[Stored records]
(* Let $\{X,F\}$ and $\{Y,F\}$ be compatible pairs of skew invertible operators $X,Y,F\in\mathrm{End}(V\otimes V)$, with $F$ invertible. Then $$F_{12}C_{X,1}C_{Y,2}=C_{Y,1}C_{X,2}F_{12},\qquad F_{12}D_{X,1}D_{Y,2}=D_{Y,1}D_{X,2}F_{12},$$ $$F_{12}(C_XD_Y)_2=(C_XD_Y)_1F_{12},\qquad F_{12}(D_YC_X)_1=(D_YC_X)_2F_{12},$$ $$\mathrm{Tr}_{(1)}(C_{X,1}F_{12}^{-1})=(C_XD_F)_2=(D_FC_X)_2,\qquad \mathrm{Tr}_{(2)}(D_{X,2}F_{12}^{-1})=(C_FD_X)_1=(D_XC_F)_1 .$$
   Context: $V$ is a complex vector space of dimension $N$ with a fixed basis. For $X\in\mathrm{End}(V\otimes V)$ and $m<r$, $X_{mr}$ denotes the operator on $V^{\otimes n}$ acting as $X$ on tensor factors $m,r$ and as the identity elsewhere, $X_m:=X_{m,m+1}$; for $Y\in\mathrm{End}(V)$, $Y_m$ acts as $Y$ on factor $m$. $P$ is the flip $u\otimes v\mapsto v\otimes u$; $\mathrm{Tr}_{(i)}$ is partial trace over factor $i$. $X$ is skew invertible if there is $\Psi_X\in\mathrm{End}(V\otimes V)$ with $\mathrm{Tr}_{(2)}X_{12}\Psi_{X,23}=\mathrm{Tr}_{(2)}\Psi_{X,12}X_{23}=P_{13}$; then $C_X:=\mathrm{Tr}_{(1)}\Psi_{X,12}$, $D_X:=\mathrm{Tr}_{(2)}\Psi_{X,12}$. A pair $\{X,F\}$ is compatible if $X_1F_2F_1=F_2F_1X_2$ and $X_2F_1F_2=F_1F_2X_1$. *)

theory Defs
  imports "HOL-Analysis.Analysis"
begin

text \<open>V = complex^'n with the standard basis (N = CARD('n)).
  Operators are matrices w.r.t. the product basis; a basis index of V tensor V is
  a pair (i,j) (first component = first tensor factor), of V^3 a triple (i,j,k).
  Convention: A $ row $ column.\<close>

type_synonym 'n op1 = "complex^'n^'n"
type_synonym 'n op2 = "complex^('n\<times>'n)^('n\<times>'n)"
type_synonym 'n op3 = "complex^('n\<times>'n\<times>'n)^('n\<times>'n\<times>'n)"

definition kd :: "'a \<Rightarrow> 'a \<Rightarrow> complex" where
  "kd a b = (if a = b then 1 else 0)"

definition flip :: "('n::finite) op2" where
  "flip = (\<chi> p. \<chi> q. (case (p,q) of ((i,j),(k,l)) \<Rightarrow> kd i l * kd j k))"

definition on1 :: "('n::finite) op1 \<Rightarrow> 'n op2" where
  "on1 Y = (\<chi> p. \<chi> q. (case (p,q) of ((i,j),(k,l)) \<Rightarrow> Y $ i $ k * kd j l))"
definition on2 :: "('n::finite) op1 \<Rightarrow> 'n op2" where
  "on2 Y = (\<chi> p. \<chi> q. (case (p,q) of ((i,j),(k,l)) \<Rightarrow> kd i k * Y $ j $ l))"

definition on12 :: "('n::finite) op2 \<Rightarrow> 'n op3" where
  "on12 X = (\<chi> p. \<chi> q. (case (p,q) of ((i,j,k),(i',j',k')) \<Rightarrow> X $ (i,j) $ (i',j') * kd k k'))"
definition on23 :: "('n::finite) op2 \<Rightarrow> 'n op3" where
  "on23 X = (\<chi> p. \<chi> q. (case (p,q) of ((i,j,k),(i',j',k')) \<Rightarrow> kd i i' * X $ (j,k) $ (j',k')))"

definition tr_mid :: "('n::finite) op3 \<Rightarrow> 'n op2" where
  "tr_mid A = (\<chi> p. \<chi> q. (case (p,q) of ((i,k),(i',k')) \<Rightarrow> \<Sum>j\<in>UNIV. A $ (i,j,k) $ (i',j,k')))"

definition tr1 :: "('n::finite) op2 \<Rightarrow> 'n op1" where
  "tr1 A = (\<chi> j. \<chi> j'. \<Sum>i\<in>UNIV. A $ (i,j) $ (i,j'))"
definition tr2 :: "('n::finite) op2 \<Rightarrow> 'n op1" where
  "tr2 A = (\<chi> i. \<chi> i'. \<Sum>j\<in>UNIV. A $ (i,j) $ (i',j))"

definition is_skew_inverse :: "('n::finite) op2 \<Rightarrow> 'n op2 \<Rightarrow> bool" where
  "is_skew_inverse X Psi \<longleftrightarrow>
     tr_mid (on12 X ** on23 Psi) = flip \<and> tr_mid (on12 Psi ** on23 X) = flip"

definition skew_invertible :: "('n::finite) op2 \<Rightarrow> bool" where
  "skew_invertible X \<longleftrightarrow> (\<exists>Psi. is_skew_inverse X Psi)"

definition skew_inv :: "('n::finite) op2 \<Rightarrow> 'n op2" where
  "skew_inv X = (SOME Psi. is_skew_inverse X Psi)"

definition C_op :: "('n::finite) op2 \<Rightarrow> 'n op1" where
  "C_op X = tr1 (skew_inv X)"
definition D_op :: "('n::finite) op2 \<Rightarrow> 'n op1" where
  "D_op X = tr2 (skew_inv X)"

definition compatible :: "('n::finite) op2 \<Rightarrow> 'n op2 \<Rightarrow> bool" where
  "compatible X F \<longleftrightarrow>
     on12 X ** on23 F ** on12 F = on23 F ** on12 F ** on23 X \<and>
     on23 X ** on12 F ** on23 F = on12 F ** on23 F ** on12 X"

end

theory Submission
  imports Defs
begin

text \<open>The core is the identity \<open>F\<^sup>-\<^sup>1 C\<^sub>X\<^sub>,\<^sub>1 = C\<^sub>X\<^sub>,\<^sub>2 \<Psi>\<^sub>F\<^sub>,\<^sub>2\<^sub>1\<close>.
  On \<open>End(V\<otimes>V)\<close> the product \<open>A \<star> B = Tr\<^sub>(\<^sub>2\<^sub>)(A\<^sub>1\<^sub>2 B\<^sub>2\<^sub>3)\<close> is associative with unit \<open>P\<close>,
  and \<open>\<Psi>\<^sub>X\<close> is the \<open>\<star>\<close>-inverse of \<open>X\<close>. Applying \<open>Tr\<^sub>(\<^sub>1\<^sub>)(C\<^sub>X\<^sub>,\<^sub>1 \<cdot>)\<close> to the compatibility relation
  \<open>X\<^sub>1\<^sub>2 F\<^sub>2\<^sub>3 = F\<^sub>2\<^sub>3 (F\<^sub>1\<^sub>2 X\<^sub>2\<^sub>3 F\<^sup>-\<^sup>1\<^sub>1\<^sub>2)\<close> and using \<open>Tr\<^sub>(\<^sub>1\<^sub>)(C\<^sub>X\<^sub>,\<^sub>1 X\<^sub>1\<^sub>2) = 1\<close> shows that
  \<open>((F\<^sub>2\<^sub>1 \<star> F\<^sup>-\<^sup>1 C\<^sub>X\<^sub>,\<^sub>1) P) \<star> X = 1\<close>; hence \<open>(F\<^sub>2\<^sub>1 \<star> F\<^sup>-\<^sup>1 C\<^sub>X\<^sub>,\<^sub>1) P = C\<^sub>X\<^sub>,\<^sub>2\<close>, and
  \<open>\<star>\<close>-multiplying by \<open>\<Psi>\<^sub>F\<^sub>,\<^sub>2\<^sub>1\<close> gives the identity. Transposition and the reversal of the
  tensor factors preserve all hypotheses, the reversal exchanging \<open>C\<close> and \<open>D\<close>; they turn the
  identity into \<open>C\<^sub>X\<^sub>,\<^sub>1 F\<^sup>-\<^sup>1 = \<Psi>\<^sub>F\<^sub>,\<^sub>2\<^sub>1 C\<^sub>X\<^sub>,\<^sub>2\<close> and the two analogues for \<open>D\<^sub>X\<close>.
  Each claim then follows by conjugating with \<open>F\<close> or by taking a partial trace.\<close>

lemma op1_eqI: "(\<And>i j. A $ i $ j = B $ i $ j) \<Longrightarrow> A = (B::('n::finite) op1)"
  by (simp add: vec_eq_iff)

lemma op2_eqI: "(\<And>i j k l. A $ (i,j) $ (k,l) = B $ (i,j) $ (k,l)) \<Longrightarrow> A = (B::('n::finite) op2)"
  by (simp add: vec_eq_iff)

lemma op3_eqI:
  "(\<And>i j k i' j' k'. A $ (i,j,k) $ (i',j',k') = B $ (i,j,k) $ (i',j',k')) \<Longrightarrow> A = (B::('n::finite) op3)"
  by (simp add: vec_eq_iff)

lemma sum_UNIV_prod:
  "(\<Sum>p\<in>UNIV. f p) = (\<Sum>a\<in>(UNIV::'a::finite set). \<Sum>b\<in>(UNIV::'b::finite set). f (a,b))"
  by (simp add: sum.cartesian_product)

lemma matrix_mult_entry: "(A ** B) $ i $ j = (\<Sum>k\<in>UNIV. A $ i $ k * B $ k $ j)"
  by (simp add: matrix_matrix_mult_def)

lemma if_zero_mult_simps [simp]:
  "(x::complex) * (if P then 1 else 0) = (if P then x else 0)"
  "(if P then 1 else 0) * (x::complex) = (if P then x else 0)"
  "(if P then x else 0) * (y::complex) = (if P then x * y else 0)"
  "(y::complex) * (if P then x else 0) = (if P then y * x else 0)"
  by auto

lemma sum_if_const [simp]: "(\<Sum>x\<in>A. if P then f x else 0) = (if P then \<Sum>x\<in>A. f x else 0)"
  by auto

lemma flip_entry [simp]: "flip $ (i,j) $ (k,l) = kd i l * kd j k"
  by (simp add: flip_def)
lemma on1_entry [simp]: "on1 Y $ (i,j) $ (k,l) = Y $ i $ k * kd j l"
  by (simp add: on1_def)
lemma on2_entry [simp]: "on2 Y $ (i,j) $ (k,l) = kd i k * Y $ j $ l"
  by (simp add: on2_def)
lemma on12_entry [simp]: "on12 X $ (i,j,k) $ (i',j',k') = X $ (i,j) $ (i',j') * kd k k'"
  by (simp add: on12_def)
lemma on23_entry [simp]: "on23 X $ (i,j,k) $ (i',j',k') = kd i i' * X $ (j,k) $ (j',k')"
  by (simp add: on23_def)
lemma tr_mid_entry [simp]: "tr_mid A $ (i,k) $ (i',k') = (\<Sum>j\<in>UNIV. A $ (i,j,k) $ (i',j,k'))"
  by (simp add: tr_mid_def)
lemma tr1_entry [simp]: "tr1 A $ j $ j' = (\<Sum>i\<in>UNIV. A $ (i,j) $ (i,j'))"
  by (simp add: tr1_def)
lemma tr2_entry [simp]: "tr2 A $ i $ i' = (\<Sum>j\<in>UNIV. A $ (i,j) $ (i',j))"
  by (simp add: tr2_def)
lemma mat1_op1_entry: "(mat 1 :: ('n::finite) op1) $ i $ j = kd i j"
  by (simp add: mat_def kd_def)
lemma mat1_op2_entry [simp]: "(mat 1 :: ('n::finite) op2) $ (i,j) $ (k,l) = kd i k * kd j l"
  by (simp add: mat_def kd_def)
lemma mat1_op3_entry [simp]:
  "(mat 1 :: ('n::finite) op3) $ (i,j,k) $ (i',j',k') = kd i i' * kd j j' * kd k k'"
  by (simp add: mat_def kd_def)

lemma on1_mult: "on1 (A ** B) = on1 A ** on1 B"
  by (rule op2_eqI) (simp add: matrix_mult_entry sum_UNIV_prod sum_distrib_right kd_def)
lemma on2_mult: "on2 (A ** B) = on2 A ** on2 B"
  by (rule op2_eqI) (simp add: matrix_mult_entry sum_UNIV_prod sum_distrib_left kd_def)
lemma on1_on2_commute: "on1 A ** on2 B = on2 B ** on1 A"
  by (rule op2_eqI) (simp add: matrix_mult_entry sum_UNIV_prod kd_def mult.commute)

lemma on12_mult: "on12 (A ** B) = on12 A ** on12 B"
  by (rule op3_eqI) (simp add: matrix_mult_entry sum_UNIV_prod sum_distrib_right kd_def)
lemma on1_mat1: "on1 (mat 1) = mat 1"
  by (rule op2_eqI) (simp add: mat1_op1_entry kd_def)
lemma on12_mat1: "on12 (mat 1) = mat 1"
  by (rule op3_eqI) (simp add: kd_def)

definition skew_mult :: "('n::finite) op2 \<Rightarrow> 'n op2 \<Rightarrow> 'n op2" where
  "skew_mult A B = tr_mid (on12 A ** on23 B)"

lemma skew_mult_entry:
  "skew_mult A B $ (i,k) $ (i',k') = (\<Sum>j\<in>UNIV. \<Sum>b\<in>UNIV. A $ (i,j) $ (i',b) * B $ (b,k) $ (j,k'))"
  by (simp add: skew_mult_def matrix_mult_entry sum_UNIV_prod kd_def)

lemma is_skew_inverse_iff:
  "is_skew_inverse X Psi \<longleftrightarrow> skew_mult X Psi = flip \<and> skew_mult Psi X = flip"
  by (simp add: is_skew_inverse_def skew_mult_def)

Task objective: Your answer must be the lines above from the one containing "0) * (x::complex)" to the one containing "by (simp add: on23_def)", both included, restated word for word.

Result below:
  "(if P then 1 else 0) * (x::complex) = (if P then x else 0)"
  "(if P then x else 0) * (y::complex) = (if P then x * y else 0)"
  "(y::complex) * (if P then x else 0) = (if P then y * x else 0)"
  by auto

lemma sum_if_const [simp]: "(\<Sum>x\<in>A. if P then f x else 0) = (if P then \<Sum>x\<in>A. f x else 0)"
  by auto

lemma flip_entry [simp]: "flip $ (i,j) $ (k,l) = kd i l * kd j k"
  by (simp add: flip_def)
lemma on1_entry [simp]: "on1 Y $ (i,j) $ (k,l) = Y $ i $ k * kd j l"
  by (simp add: on1_def)
lemma on2_entry [simp]: "on2 Y $ (i,j) $ (k,l) = kd i k * Y $ j $ l"
  by (simp add: on2_def)
lemma on12_entry [simp]: "on12 X $ (i,j,k) $ (i',j',k') = X $ (i,j) $ (i',j') * kd k k'"
  by (simp add: on12_def)
lemma on23_entry [simp]: "on23 X $ (i,j,k) $ (i',j',k') = kd i i' * X $ (j,k) $ (j',k')"
  by (simp add: on23_def)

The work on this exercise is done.